* HOW TO COMPLETE THIS TASK: Would you reproduce exactly the lines below from the one holding "define V where" through the one holding "G\<^sup>2))) = l", inclusive, and no others?

* * *

lemma mono_bellman: "mono bellman"
proof (rule monoI, rule le_funI)
  fix f g :: "'v \<Rightarrow> ereal" and v
  assume "f \<le> g"
  then have pointwise: "ereal (real_of_int (w v u)) + ereal lam * f u \<le> ereal (real_of_int (w v u)) + ereal lam * g u" for u
    using lam_pos by (intro add_left_mono ereal_mult_left_mono) (auto simp: le_fun_def)
  then have "extremum v ((\<lambda>u. ereal (real_of_int (w v u)) + ereal lam * f u) ` successors v)
      \<le> extremum v ((\<lambda>u. ereal (real_of_int (w v u)) + ereal lam * g u) ` successors v)"
    if "v \<in> V"
    by (intro extremum_image_mono finite_successors successors_nonempty[OF that] pointwise)
  then show "bellman f v \<le> bellman g v"
    by (auto simp: bellman_def le_max_iff_disj)
qed

lemma bellman_cong: "(\<And>u. u \<in> V \<Longrightarrow> f u = g u) \<Longrightarrow> bellman f v = bellman g v"
proof -
  assume "\<And>u. u \<in> V \<Longrightarrow> f u = g u"
  then have "\<And>u. u \<in> successors v \<Longrightarrow> f u = g u"
    using successors_subset_V by blast
  then have "(\<lambda>u. ereal (real_of_int (w v u)) + ereal lam * f u) ` successors v
      = (\<lambda>u. ereal (real_of_int (w v u)) + ereal lam * g u) ` successors v"
    by (intro image_cong) auto
  then show ?thesis
    by (simp add: bellman_def)
qed

lemma bellman_real:
  assumes v: "v \<in> V" and f_bounded: "\<And>u. u \<in> V \<Longrightarrow> \<bar>f u\<bar> \<le> payoff_bound"
  shows "bellman (\<lambda>u. ereal (f u)) v = ereal (extremum v (one_step f v ` successors v))"
proof -
  let ?X = "one_step f v ` successors v"
  have X: "finite ?X" "?X \<noteq> {}"
    using finite_successors successors_nonempty[OF v] by auto
  have "extremum v ?X \<in> ?X"
    by (rule extremum_in[OF X])
  then have lower: "- payoff_bound \<le> extremum v ?X"
    using abs_one_step_le f_bounded successors_subset_V by (fastforce simp: successors_def)
  have "(\<lambda>u. ereal (real_of_int (w v u)) + ereal lam * ereal (f u)) ` successors v = ereal ` ?X"
    by (auto simp: one_step_def image_image)
  moreover have "extremum v (ereal ` ?X) = ereal (extremum v ?X)"
    using mono_extremum_commute[OF _ X, of ereal] by (simp add: mono_def)
  ultimately show ?thesis
    using lower v by (simp add: bellman_def)
qed

definition bellman_solution :: "('v \<Rightarrow> real) \<Rightarrow> bool" where
  "bellman_solution val \<longleftrightarrow>
     (\<forall>v\<in>V. \<bar>val v\<bar> \<le> payoff_bound \<and> val v = extremum v (one_step val v ` successors v))"

lemma exists_bellman_solution: "\<exists>val. bellman_solution val"
proof -
  define g where "g = lfp bellman"
  have g_fixpoint: "bellman g = g"
    unfolding g_def by (rule lfp_fixpoint[OF mono_bellman])
  have "bellman (\<lambda>_. ereal payoff_bound) \<le> (\<lambda>_. ereal payoff_bound)"
  proof (rule le_funI)
    fix v
    show "bellman (\<lambda>_. ereal payoff_bound) v \<le> ereal payoff_bound"
    proof (cases "v \<in> V")
      case True
      let ?X = "one_step (\<lambda>_. payoff_bound) v ` successors v"
      have "extremum v ?X \<in> ?X"
        using finite_successors successors_nonempty[OF True] by (intro extremum_in) auto
      then obtain u where "(v, u) \<in> E" "extremum v ?X = one_step (\<lambda>_. payoff_bound) v u"
        by (auto simp: successors_def)
      then have "extremum v ?X \<le> payoff_bound"
        using abs_one_step_le[of v u "\<lambda>_. payoff_bound"] payoff_bound_nonneg by simp
      then show ?thesis
        using bellman_real[OF True, of "\<lambda>_. payoff_bound"] payoff_bound_nonneg by simp
    qed (simp add: bellman_def payoff_bound_nonneg)
  qed
  then have upper: "g v \<le> ereal payoff_bound" for v
    unfolding g_def by (metis lfp_lowerbound le_fun_def)
  have lower: "- ereal payoff_bound \<le> g v" if "v \<in> V" for v
    using that by (subst g_fixpoint[symmetric]) (simp add: bellman_def)
  define val where "val v = real_of_ereal (g v)" for v
  have g_val: "g v = ereal (val v)" if "v \<in> V" for v
    using upper[of v] lower[OF that] by (cases "g v") (auto simp: val_def)
  have val_bounded: "\<bar>val v\<bar> \<le> payoff_bound" if "v \<in> V" for v
    using upper[of v] lower[OF that] g_val[OF that] by auto
  have val_eq: "val v = extremum v (one_step val v ` successors v)" if v: "v \<in> V" for v
  proof -
    have "ereal (val v) = bellman g v"
      using g_val[OF v] g_fixpoint by simp
    also have "\<dots> = bellman (\<lambda>u. ereal (val u)) v"
      using g_val by (rule bellman_cong)
    also have "\<dots> = ereal (extremum v (one_step val v ` successors v))"
      by (rule bellman_real[OF v val_bounded])
    finally show ?thesis by simp
  qed
  show ?thesis
    unfolding bellman_solution_def using val_bounded val_eq by blast
qed
lemma rr_mean_term_bound:
  fixes n k :: nat and lam L G l :: real
  defines "\<eta> \<equiv> l / (lam * real n * real k)"
  assumes "n \<ge> 1" and "k \<ge> 1" and "lam > 0" and "1 \<le> l"
  shows "lam * (real k * (\<eta> * (real n * (\<eta> * L) * G + l / real k * (real n * (\<eta> * L) * (sqrt (real n) * G)))))\<^sup>2
           \<le> 2 * l ^ 6 * (G\<^sup>2 * L\<^sup>2 / lam ^ 3) * (1 / (real n ^ 2 * real k ^ 2) + 1 / (real n * real k ^ 3))"
proof -
  define K where "K = G\<^sup>2 * L\<^sup>2 / lam ^ 3"
  define A where "A = real k * \<eta> * real n * (\<eta> * L) * G"
  define B where "B = l * \<eta> * real n * (\<eta> * L) * (sqrt (real n) * G)"
  have pos: "0 < real n" "0 < real k" "0 \<le> K" "0 \<le> l ^ 4"
    using assms(2-5) by (auto simp: K_def)
  have "lam * A\<^sup>2 = l ^ 4 * (K / (real n ^ 2 * real k ^ 2))"
    using pos \<open>lam > 0\<close> by (simp add: A_def K_def \<eta>_def power_mult_distrib field_simps) algebra
  also have "\<dots> \<le> l ^ 6 * (K / (real n ^ 2 * real k ^ 2))"
    using pos \<open>1 \<le> l\<close> by (intro mult_right_mono power_increasing) auto
  finally have A: "lam * A\<^sup>2 \<le> l ^ 6 * (K / (real n ^ 2 * real k ^ 2))" .
  have "lam * B\<^sup>2 = l ^ 6 * (K / (real n * real k ^ 3)) / real k"
    using pos \<open>lam > 0\<close> by (simp add: B_def K_def \<eta>_def power_mult_distrib field_simps) algebra
  also have "\<dots> \<le> l ^ 6 * (K / (real n * real k ^ 3))"
    using divide_left_mono[of 1 "real k" "l ^ 6 * (K / (real n * real k ^ 3))"] pos \<open>1 \<le> l\<close> \<open>k \<ge> 1\<close>
    by simp
  finally have B: "lam * B\<^sup>2 \<le> l ^ 6 * (K / (real n * real k ^ 3))" .
  have "real k * (\<eta> * (real n * (\<eta> * L) * G + l / real k * (real n * (\<eta> * L) * (sqrt (real n) * G))))
      = A + B"
    using pos by (simp add: A_def B_def field_simps)
  then have "lam * (real k * (\<eta> * (real n * (\<eta> * L) * G + l / real k * (real n * (\<eta> * L) * (sqrt (real n) * G)))))\<^sup>2
      = lam * (A + B)\<^sup>2"
    by simp
  also have "\<dots> \<le> lam * (2 * A\<^sup>2 + 2 * B\<^sup>2)"
    using \<open>lam > 0\<close> sq_add_le by (intro mult_left_mono) auto
  also have "\<dots> \<le> 2 * (l ^ 6 * (K / (real n ^ 2 * real k ^ 2))) + 2 * (l ^ 6 * (K / (real n * real k ^ 3)))"
    using A B by (simp add: distrib_left)
  finally show ?thesis
    unfolding K_def[symmetric] by (simp add: algebra_simps)
qed

lemma rr_bound_arithmetic:
  fixes n k :: nat and lam L G l y :: real
  defines "\<eta> \<equiv> l / (lam * real n * real k)"
  assumes "n \<ge> 1" and "k \<ge> 1" and "lam > 0" and "1 \<le> l"
  shows "lam / 2 * ((1 / real (n * k) * \<bar>y\<bar>
             + real k * (\<eta> * (real n * (\<eta> * L) * G + l / real k * (real n * (\<eta> * L) * (sqrt (real n) * G)))))\<^sup>2
           + real k * (\<eta>\<^sup>2 * (real n ^ 3 * (\<eta> * L)\<^sup>2 * G\<^sup>2)))
         \<le> 3 * l ^ 6 * (lam / (real n ^ 2 * real k ^ 2) * y ^ 2
             + G ^ 2 * L ^ 2 / lam ^ 3 * (1 / (real n ^ 2 * real k ^ 2) + 1 / (real n * real k ^ 3)))"
proof -
  define K where "K = G\<^sup>2 * L\<^sup>2 / lam ^ 3"
  define Y where "Y = 1 / real (n * k) * \<bar>y\<bar>"
  define M where "M = real k * (\<eta> * (real n * (\<eta> * L) * G + l / real k * (real n * (\<eta> * L) * (sqrt (real n) * G))))"
  define X where "X = lam / (real n ^ 2 * real k ^ 2) * y ^ 2"
  define U where "U = K / (real n ^ 2 * real k ^ 2)"
  define V where "V = K / (real n * real k ^ 3)"
  have pos: "0 < real n" "0 < real k" "1 \<le> l ^ 6"
    using assms(2-5) by auto
  then have nonneg: "0 \<le> X" "0 \<le> l ^ 6 * X" "0 \<le> l ^ 6 * U" "0 \<le> l ^ 4 * V" "0 \<le> V"
    using \<open>lam > 0\<close> \<open>1 \<le> l\<close> by (simp_all add: X_def U_def V_def K_def)
  have "lam * Y\<^sup>2 = X"
    by (simp add: X_def Y_def power_mult_distrib power_divide)
  also have "\<dots> \<le> l ^ 6 * X"
    using mult_right_mono[OF pos(3) nonneg(1)] by simp
  finally have start: "lam * Y\<^sup>2 \<le> l ^ 6 * X" .
  have "lam * M\<^sup>2 \<le> 2 * l ^ 6 * K * (1 / (real n ^ 2 * real k ^ 2) + 1 / (real n * real k ^ 3))"
    using rr_mean_term_bound[OF assms(2-5), of L G] by (simp add: M_def K_def \<eta>_def)
  then have mean: "lam * M\<^sup>2 \<le> 2 * (l ^ 6 * U) + 2 * (l ^ 6 * V)"
    by (simp add: U_def V_def algebra_simps)
  have "lam / 2 * (real k * (\<eta>\<^sup>2 * (real n ^ 3 * (\<eta> * L)\<^sup>2 * G\<^sup>2))) = l ^ 4 * V / 2"
    using pos \<open>lam > 0\<close> by (simp add: V_def K_def \<eta>_def power_mult_distrib field_simps) algebra
  also have "\<dots> \<le> l ^ 6 * V"
    using nonneg(4) mult_right_mono[OF power_increasing[OF _ \<open>1 \<le> l\<close>, of 4 6] nonneg(5)]
    by simp
  finally have variance: "lam / 2 * (real k * (\<eta>\<^sup>2 * (real n ^ 3 * (\<eta> * L)\<^sup>2 * G\<^sup>2))) \<le> l ^ 6 * V" .
  have split: "lam / 2 * (Y + M)\<^sup>2 \<le> lam * Y\<^sup>2 + lam * M\<^sup>2"
    using mult_left_mono[OF sq_add_le[of Y M], of "lam / 2"] \<open>lam > 0\<close> by (simp add: algebra_simps)
  have lhs: "lam / 2 * ((Y + M)\<^sup>2 + real k * (\<eta>\<^sup>2 * (real n ^ 3 * (\<eta> * L)\<^sup>2 * G\<^sup>2)))
      = lam / 2 * (Y + M)\<^sup>2 + lam / 2 * (real k * (\<eta>\<^sup>2 * (real n ^ 3 * (\<eta> * L)\<^sup>2 * G\<^sup>2)))"
    by (simp add: distrib_left)
  have rhs: "3 * l ^ 6 * (X + K * (1 / (real n ^ 2 * real k ^ 2) + 1 / (real n * real k ^ 3)))
      = 3 * (l ^ 6 * X) + 3 * (l ^ 6 * U) + 3 * (l ^ 6 * V)"
    by (simp add: U_def V_def algebra_simps)
  show ?thesis
    unfolding Y_def[symmetric] M_def[symmetric] X_def[symmetric] K_def[symmetric] lhs rhs
    using split start mean variance nonneg by linarith
qed
text \<open>Free R-module with basis B: coordinate functions vanishing outside B.\<close>
definition carrier :: "'b set \<Rightarrow> ('b \<Rightarrow> 'a::zero) set" where
  "carrier B = {x. \<forall>b. b \<notin> B \<longrightarrow> x b = 0}"

definition act :: "'b set \<Rightarrow> ('b \<Rightarrow> 'b \<Rightarrow> 'a::comm_ring_1) \<Rightarrow> ('b \<Rightarrow> 'a) \<Rightarrow> 'b \<Rightarrow> 'a" where
  "act B M x = (\<lambda>b'. if b' \<in> B then \<Sum>b\<in>B. M b' b * x b else 0)"

definition lin_ext :: "'b set \<Rightarrow> ('b \<Rightarrow> 'c \<Rightarrow> 'a::comm_ring_1) \<Rightarrow> ('b \<Rightarrow> 'a) \<Rightarrow> 'c \<Rightarrow> 'a" where
  "lin_ext B img x = (\<lambda>c. \<Sum>b\<in>B. x b * img b c)"

definition is_U_iso :: "nat \<Rightarrow> 'b set \<Rightarrow> (gen \<Rightarrow> 'b \<Rightarrow> 'b \<Rightarrow> 'a::comm_ring_1) \<Rightarrow> 'c set
    \<Rightarrow> (gen \<Rightarrow> 'c \<Rightarrow> 'c \<Rightarrow> 'a) \<Rightarrow> (('b \<Rightarrow> 'a) \<Rightarrow> ('c \<Rightarrow> 'a)) \<Rightarrow> bool" where
  "is_U_iso n B1 \<rho>1 B2 \<rho>2 \<phi> =
    ((\<forall>g x. valid_gen n g \<longrightarrow> x \<in> carrier B1 \<longrightarrow> \<phi> (act B1 (\<rho>1 g) x) = act B2 (\<rho>2 g) (\<phi> x))
     \<and> bij_betw \<phi> (carrier B1) (carrier B2))"

definition basis :: "nat \<Rightarrow> nat set" where
  "basis n = {1..n}"

text \<open>psi'(v_i' (x) v_k), as element of V (x) V^* with basis index (a, b) = v_a (x) v_b^*.\<close>
definition psi'_img :: "'a::comm_ring_1 \<Rightarrow> 'a \<Rightarrow> nat \<Rightarrow> nat \<times> nat \<Rightarrow> nat \<times> nat \<Rightarrow> 'a" where
  "psi'_img q qi n = (\<lambda>(i, k) (a, b). qp q qi (int n + 1 - 2 * int i) *
     (if k \<noteq> i then (if (a, b) = (k, i) then 1 else 0)
      else if (a, b) = (i, i) then qi
      else if a = b \<and> 1 \<le> a \<and> a < i then qi - q else 0))"

definition psi_img :: "'a::comm_ring_1 \<Rightarrow> 'a \<Rightarrow> nat \<times> nat \<Rightarrow> nat \<times> nat \<Rightarrow> 'a" where
  "psi_img q qi = (\<lambda>(i, k) (a, b).
     (if k \<noteq> i then (if (a, b) = (k, i) then 1 else 0)
      else if (a, b) = (i, i) then qi
      else if a = b \<and> 1 \<le> a \<and> a < i then qi - q else 0))"

end

theory Submission
  imports Defs
begin

(* The modules V'\<otimes>V, V\<^sup>*\<otimes>V and V\<otimes>V\<^sup>* are free on the pairs (i, k), 1 \<le> i, k \<le> n, and \<psi>, \<psi>'
  are given by explicit matrices, so U-linearity is the matrix identity \<Psi> \<rho>(x) = \<rho>'(x) \<Psi> for each
  algebra generator x.  Only q^h and the divided powers e_i^(l), f_i^(l) with l \<le> 2 act by
  non-zero operators on these tensor products; their matrices are read off from the coproduct and the
  identity is checked entrywise.
  \<psi>' is \<psi> precomposed with the rescaling v_i' \<mapsto> q^(n+1-2i) v_i^*.  This rescaling is U-linear
  because S\<^sup>2 is inner: V' \<cong> V\<^sup>* by precomposition with the group-like element whose conjugation
  is S\<^sup>-\<^sup>2, and that element acts on v_i by q^(n+1-2i).
  \<psi> is bijective: it permutes the off-diagonal vectors v_i^*\<otimes>v_k (i \<noteq> k), and on the diagonal
  vectors v_i^*\<otimes>v_i it is triangular with the unit q\<^sup>-\<^sup>1 on the diagonal. *)

lemma qp_0 [simp]: "qp q qi 0 = 1"
  and qp_1 [simp]: "qp q qi 1 = q"
  and qp_minus_1 [simp]: "qp q qi (- 1) = qi"
  by (simp_all add: qp_def)

lemma qp_succ:
  assumes "q * qi = (1::'a::comm_ring_1)"
  shows "qp q qi (k + 1) = q * qp q qi k"
proof (cases "k \<ge> 0")
  case True
  then show ?thesis by (simp add: qp_def nat_add_distrib)
next
  case False
  then consider "k = -1" | "k < -1" by linarith
  then show ?thesis
  proof cases
    case 1
    then show ?thesis using assms by (simp add: qp_def)
  next
    case 2
    then have "nat (- k) = Suc (nat (- (k + 1)))" by simp
    then show ?thesis using 2 assms by (simp add: qp_def mult.assoc[symmetric])
  qed
qed

lemma qp_add:
  assumes "q * qi = (1::'a::comm_ring_1)"
  shows "qp q qi (a + b) = qp q qi a * qp q qi b"
proof (induction b rule: int_induct[where k = 0])
  case base
  then show ?case by (simp add: qp_def)
next
  case (step1 b)
  then show ?case
    using qp_succ[OF assms, of "a + b"] qp_succ[OF assms, of b] by (simp add: add.assoc mult.left_commute)
next
  case (step2 b)
  have cancel: "qi * (q * x) = x" for x using assms by (metis mult.assoc mult.commute mult_1)
  have "q * qp q qi (a + (b - 1)) = q * (qp q qi a * qp q qi (b - 1))"
    using step2 qp_succ[OF assms, of "a + (b - 1)"] qp_succ[OF assms, of "b - 1"]
    by (simp add: mult.left_commute)
  then show ?case using cancel by metis
qed

lemma mmul_diag_right:
  "finite B \<Longrightarrow> mmul B A (\<lambda>y z. if y = z then d y else 0) x z = (if z \<in> B then A x z * d z else 0)"
  unfolding mmul_def by (simp add: if_distrib[of "\<lambda>t. _ * t"] sum.delta' cong: if_cong)

lemma mmul_diag_left:
  "finite B \<Longrightarrow> mmul B (\<lambda>x y. if x = y then d x else 0) A x z = (if x \<in> B then d x * A x z else 0)"
  unfolding mmul_def by (simp add: if_distrib[of "\<lambda>t. t * _"] sum.delta cong: if_cong)

lemma tensor_rep_E_0:
  "tensor_rep q qi B1 B2 \<rho> \<sigma> (E i 0) = kron (\<rho> (E i 0)) (mmul B2 (\<sigma> (E i 0)) (\<sigma> (Kpow i 0)))"
  by (simp add: tensor_rep_def qp_def)

(* Stated for Suc 0, the simp normal form of 1 :: nat (One_nat_def). *)
lemma tensor_rep_E_1:
  "tensor_rep q qi B1 B2 \<rho> \<sigma> (E i (Suc 0)) x y =
     kron (\<rho> (E i 1)) (mmul B2 (\<sigma> (E i 0)) (\<sigma> (Kpow i (-1)))) x y
   + kron (\<rho> (E i 0)) (mmul B2 (\<sigma> (E i 1)) (\<sigma> (Kpow i 0))) x y"
  by (simp add: tensor_rep_def qp_def)

lemma tensor_rep_E_2:
  "tensor_rep q qi B1 B2 \<rho> \<sigma> (E i 2) x y =
     kron (\<rho> (E i 2)) (mmul B2 (\<sigma> (E i 0)) (\<sigma> (Kpow i (-2)))) x y
   + qi * kron (\<rho> (E i 1)) (mmul B2 (\<sigma> (E i 1)) (\<sigma> (Kpow i (-1)))) x y
   + kron (\<rho> (E i 0)) (mmul B2 (\<sigma> (E i 2)) (\<sigma> (Kpow i 0))) x y"
  by (simp add: tensor_rep_def qp_def numeral_2_eq_2)

lemma tensor_rep_F_0:
  "tensor_rep q qi B1 B2 \<rho> \<sigma> (F i 0) = kron (mmul B1 (\<rho> (F i 0)) (\<rho> (Kpow i 0))) (\<sigma> (F i 0))"
  by (simp add: tensor_rep_def qp_def)

lemma tensor_rep_F_1:
  "tensor_rep q qi B1 B2 \<rho> \<sigma> (F i (Suc 0)) x y =
     kron (mmul B1 (\<rho> (F i 0)) (\<rho> (Kpow i 1))) (\<sigma> (F i 1)) x y
   + kron (mmul B1 (\<rho> (F i 1)) (\<rho> (Kpow i 0))) (\<sigma> (F i 0)) x y"
  by (simp add: tensor_rep_def qp_def)

lemma tensor_rep_F_2:
  "tensor_rep q qi B1 B2 \<rho> \<sigma> (F i 2) x y =
     kron (mmul B1 (\<rho> (F i 0)) (\<rho> (Kpow i 2))) (\<sigma> (F i 2)) x y
   + qi * kron (mmul B1 (\<rho> (F i 1)) (\<rho> (Kpow i 1))) (\<sigma> (F i 1)) x y
   + kron (mmul B1 (\<rho> (F i 2)) (\<rho> (Kpow i 0))) (\<sigma> (F i 0)) x y"
  by (simp add: tensor_rep_def qp_def numeral_2_eq_2)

* * *

* YOUR RESPONSE:
  define V where "V = K / (real n * real k ^ 3)"
  have pos: "0 < real n" "0 < real k" "1 \<le> l ^ 6"
    using assms(2-5) by auto
  then have nonneg: "0 \<le> X" "0 \<le> l ^ 6 * X" "0 \<le> l ^ 6 * U" "0 \<le> l ^ 4 * V" "0 \<le> V"
    using \<open>lam > 0\<close> \<open>1 \<le> l\<close> by (simp_all add: X_def U_def V_def K_def)
  have "lam * Y\<^sup>2 = X"
    by (simp add: X_def Y_def power_mult_distrib power_divide)
  also have "\<dots> \<le> l ^ 6 * X"
    using mult_right_mono[OF pos(3) nonneg(1)] by simp
  finally have start: "lam * Y\<^sup>2 \<le> l ^ 6 * X" .
  have "lam * M\<^sup>2 \<le> 2 * l ^ 6 * K * (1 / (real n ^ 2 * real k ^ 2) + 1 / (real n * real k ^ 3))"
    using rr_mean_term_bound[OF assms(2-5), of L G] by (simp add: M_def K_def \<eta>_def)
  then have mean: "lam * M\<^sup>2 \<le> 2 * (l ^ 6 * U) + 2 * (l ^ 6 * V)"
    by (simp add: U_def V_def algebra_simps)
  have "lam / 2 * (real k * (\<eta>\<^sup>2 * (real n ^ 3 * (\<eta> * L)\<^sup>2 * G\<^sup>2))) = l ^ 4 * V / 2"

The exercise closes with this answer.